Suffice it to say, this is not your time to shine. This is your time to be gentle on yourself and to focus on that recovery and those new skills and, oh right! The baby. Celebrate what you do get done. Avoid hard, immovable deadlines, if you can.

Perfect Pages: Wild, Arty Passion Projects

You know that one project? The one you always shift to the backburner? The one where you want to use three different tenses to convey the shifting alliances of the point-of-view characters? The one where you kill the protagonist at the midpoint and reveal that the story you’ve been following was not the one in the foreground? The one that’s written entirely in trochaic tetrameter, because Dies Irae, that’s why? The one where you know it’s probably not commercially viable, yet in the small hours, when your other projects are boring, you still think of how cool that would be?

Man, do that. What’s in your way? You can’t count on getting something solid done, so get something fun done.
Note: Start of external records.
(* Let $\mathcal{H}=\bigotimes_{a=1}^N\mathcal{H}_a$ be a finite-dimensional multipartite Hilbert space, let $\mathcal{N}=\{\mathcal{N}_k\}_{k=1}^M$ be a non-trivial neighborhood structure, and let $\rho\in\mathcal{D}(\mathcal{H})$. Then every state $\sigma$ in the joining set $\mathcal{M}_{\mathcal{N}}(\rho)$ satisfies $\mathrm{supp}(\sigma)\subseteq\mathcal{H}_{\mathcal{N}}(\rho)$.
   Context: $\mathcal{H}=\bigotimes_{a=1}^N\mathcal{H}_a$ with $\dim\mathcal{H}_a=d_a<\infty$; $\mathcal{D}(\mathcal{H})$ is the set of density operators (positive semidefinite, trace one) on $\mathcal{H}$. A neighborhood is a subset $\mathcal{N}_k\subsetneq\{1,\dots,N\}$ and a neighborhood structure is a finite collection $\mathcal{N}=\{\mathcal{N}_k\}_{k=1}^M$ of neighborhoods; it is non-trivial if every index $j\in\{1,\dots,N\}$ belongs to some $\mathcal{N}_k$ and every $\mathcal{N}_k$ overlaps (has nonempty intersection) with at least one other $\mathcal{N}_{k'}$. For a state $\rho$, $\overline{\mathcal{N}}_k$ denotes the complement of $\mathcal{N}_k$ and $\rho_{\mathcal{N}_k}=\mathrm{tr}_{\overline{\mathcal{N}}_k}(\rho)$ is the reduced density matrix on $\mathcal{N}_k$. The joining set is $\mathcal{M}_{\mathcal{N}}(\rho)=\{\sigma\in\mathcal{D}(\mathcal{H}):\mathrm{tr}_{\overline{\mathcal{N}}_k}\rho=\mathrm{tr}_{\overline{\mathcal{N}}_k}\sigma\ \forall\,\mathcal{N}_k\in\mathcal{N}\}$. The DQLS subspace of $\rho$ relative to $\mathcal{N}$ is $\mathcal{H}_{\mathcal{N}}(\rho)=\bigcap_{\mathcal{N}_k\in\mathcal{N}}\mathrm{supp}(\rho_{\mathcal{N}_k}\otimes I_{\overline{\mathcal{N}}_k})$. *)

theory Defs
  imports "HOL-Analysis.Analysis" "HOL-Library.Complex_Order"
begin

text \<open>Multipartite finite-dimensional Hilbert space H = H_0 (x) ... (x) H_(N-1),
  dim H_a = d a. Computational basis vectors are labelled by multi-indices
  i :: nat => nat with i a < d a for the subsystems a in a set S, and i a = 0
  elsewhere (a canonical padding).\<close>

type_synonym mindex = "nat \<Rightarrow> nat"
type_synonym op = "mindex \<Rightarrow> mindex \<Rightarrow> complex"
type_synonym vec = "mindex \<Rightarrow> complex"

definition idx :: "(nat \<Rightarrow> nat) \<Rightarrow> nat set \<Rightarrow> mindex set" where
  "idx d S = {i. \<forall>a. (a \<in> S \<longrightarrow> i a < d a) \<and> (a \<notin> S \<longrightarrow> i a = 0)}"

abbreviation full :: "nat \<Rightarrow> nat set" where "full N \<equiv> {0..<N}"

definition psd_op :: "(nat \<Rightarrow> nat) \<Rightarrow> nat \<Rightarrow> op \<Rightarrow> bool" where
  "psd_op d N A \<longleftrightarrow> (\<forall>\<psi> :: vec.
     0 \<le> (\<Sum>i\<in>idx d (full N). \<Sum>j\<in>idx d (full N). cnj (\<psi> i) * A i j * \<psi> j))"

definition density :: "(nat \<Rightarrow> nat) \<Rightarrow> nat \<Rightarrow> op \<Rightarrow> bool" where
  "density d N A \<longleftrightarrow> psd_op d N A \<and> (\<Sum>i\<in>idx d (full N). A i i) = 1"

definition merge :: "nat set \<Rightarrow> mindex \<Rightarrow> mindex \<Rightarrow> mindex" where
  "merge S i k = (\<lambda>a. if a \<in> S then i a else k a)"

definition restr :: "nat set \<Rightarrow> mindex \<Rightarrow> mindex" where
  "restr S i = (\<lambda>a. if a \<in> S then i a else 0)"

definition ptrace :: "(nat \<Rightarrow> nat) \<Rightarrow> nat \<Rightarrow> nat set \<Rightarrow> op \<Rightarrow> op" where
  "ptrace d N S \<rho> = (\<lambda>i j.
     if i \<in> idx d S \<and> j \<in> idx d S
     then (\<Sum>k\<in>idx d (full N - S). \<rho> (merge S i k) (merge S j k))
     else 0)"

text \<open>rho_S (x) I on the complement of S, as an operator on the whole space.\<close>
definition tensor_id :: "(nat \<Rightarrow> nat) \<Rightarrow> nat \<Rightarrow> nat set \<Rightarrow> op \<Rightarrow> op" where
  "tensor_id d N S X = (\<lambda>i j.
     if i \<in> idx d (full N) \<and> j \<in> idx d (full N)
     then X (restr S i) (restr S j) *
          (if restr (full N - S) i = restr (full N - S) j then 1 else 0)
     else 0)"

definition apply_op :: "(nat \<Rightarrow> nat) \<Rightarrow> nat \<Rightarrow> op \<Rightarrow> vec \<Rightarrow> vec" where
  "apply_op d N A \<psi> = (\<lambda>i. if i \<in> idx d (full N)
      then (\<Sum>j\<in>idx d (full N). A i j * \<psi> j) else 0)"

text \<open>Support of a (Hermitian) operator = its range (span of eigenvectors with
  nonzero eigenvalue).\<close>
definition supp :: "(nat \<Rightarrow> nat) \<Rightarrow> nat \<Rightarrow> op \<Rightarrow> vec set" where
  "supp d N A = range (apply_op d N A)"

definition nontrivial_nbhd :: "nat \<Rightarrow> nat \<Rightarrow> (nat \<Rightarrow> nat set) \<Rightarrow> bool" where
  "nontrivial_nbhd N M Nb \<longleftrightarrow>
     (\<forall>k<M. Nb k \<subset> full N) \<and>
     (\<forall>j<N. \<exists>k<M. j \<in> Nb k) \<and>
     (\<forall>k<M. \<exists>k'<M. k' \<noteq> k \<and> Nb k \<inter> Nb k' \<noteq> {})"

definition joining_set :: "(nat \<Rightarrow> nat) \<Rightarrow> nat \<Rightarrow> nat \<Rightarrow> (nat \<Rightarrow> nat set) \<Rightarrow> op \<Rightarrow> op set" where
  "joining_set d N M Nb \<rho> =
     {\<sigma>. density d N \<sigma> \<and> (\<forall>k<M. ptrace d N (Nb k) \<rho> = ptrace d N (Nb k) \<sigma>)}"

definition DQLS_subspace :: "(nat \<Rightarrow> nat) \<Rightarrow> nat \<Rightarrow> nat \<Rightarrow> (nat \<Rightarrow> nat set) \<Rightarrow> op \<Rightarrow> vec set" where
  "DQLS_subspace d N M Nb \<rho> =
     (\<Inter>k\<in>{..<M}. supp d N (tensor_id d N (Nb k) (ptrace d N (Nb k) \<rho>)))"

end

(*
  Fix a neighbourhood S and a positive semidefinite sigma. If (sigma_S \<otimes> I) r = 0, then for
  every basis state k of the complement the slice h = r(-, k) satisfies
  0 = <h, sigma_S h> = \<Sum>k'. <h \<otimes> k', sigma (h \<otimes> k')>, so by positivity each h \<otimes> k' lies in
  the kernel of sigma, and hence so does r. Thus ker (sigma_S \<otimes> I) \<subseteq> ker sigma, and for
  Hermitian operators this reverses to supp sigma \<subseteq> supp (sigma_S \<otimes> I): the part of a vector
  of supp sigma orthogonal to supp (sigma_S \<otimes> I) lies in ker (sigma_S \<otimes> I), hence in ker sigma,
  hence is orthogonal to supp sigma, so it vanishes. Every sigma in the joining set has
  sigma_S = rho_S for all neighbourhoods S, which gives the theorem.
*)

theory Submission
  imports Defs "HOL-Library.Function_Algebras"
begin

definition vinner :: "mindex set \<Rightarrow> vec \<Rightarrow> vec \<Rightarrow> complex" where
  "vinner I x y = (\<Sum>i\<in>I. cnj (x i) * y i)"

definition op_apply :: "mindex set \<Rightarrow> op \<Rightarrow> vec \<Rightarrow> vec" where
  "op_apply I A x = (\<lambda>i. if i \<in> I then (\<Sum>j\<in>I. A i j * x j) else 0)"

definition sesq :: "mindex set \<Rightarrow> op \<Rightarrow> vec \<Rightarrow> vec \<Rightarrow> complex" where
  "sesq I A x y = (\<Sum>i\<in>I. \<Sum>j\<in>I. cnj (x i) * A i j * y j)"

definition psd_on :: "mindex set \<Rightarrow> op \<Rightarrow> bool" where
  "psd_on I A \<longleftrightarrow> (\<forall>x. 0 \<le> sesq I A x x)"

definition hermitian_on :: "mindex set \<Rightarrow> op \<Rightarrow> bool" where
  "hermitian_on I A \<longleftrightarrow> (\<forall>i\<in>I. \<forall>j\<in>I. A i j = cnj (A j i))"

definition basis_vec :: "mindex \<Rightarrow> vec" where
  "basis_vec j = (\<lambda>i. if i = j then 1 else 0)"

inductive_set lin_span :: "vec set \<Rightarrow> vec set" for V where
  zero: "0 \<in> lin_span V"
| base: "v \<in> V \<Longrightarrow> v \<in> lin_span V"
| add: "x \<in> lin_span V \<Longrightarrow> y \<in> lin_span V \<Longrightarrow> x + y \<in> lin_span V"
| scale: "x \<in> lin_span V \<Longrightarrow> (\<lambda>i. c * x i) \<in> lin_span V"

lemma lin_span_mono: "x \<in> lin_span V \<Longrightarrow> V \<subseteq> W \<Longrightarrow> x \<in> lin_span W"
  by (induction rule: lin_span.induct) (auto intro: lin_span.intros)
Are you sleep-deprived? Of course you are! And with sleep-deprivation comes a wandering brain and weird logical leaps–stuff that might get in the way of crafting something solid and traditional, but might uncover amazing creative insights on something you need to stop being too critical about. The critical part of your brain is probably busy anyway, keeping track of when the baby last ate, how many diapers she’s gone through, and whose eyes does he have exactly? So unleash the wild creative part and do something you don’t need it for.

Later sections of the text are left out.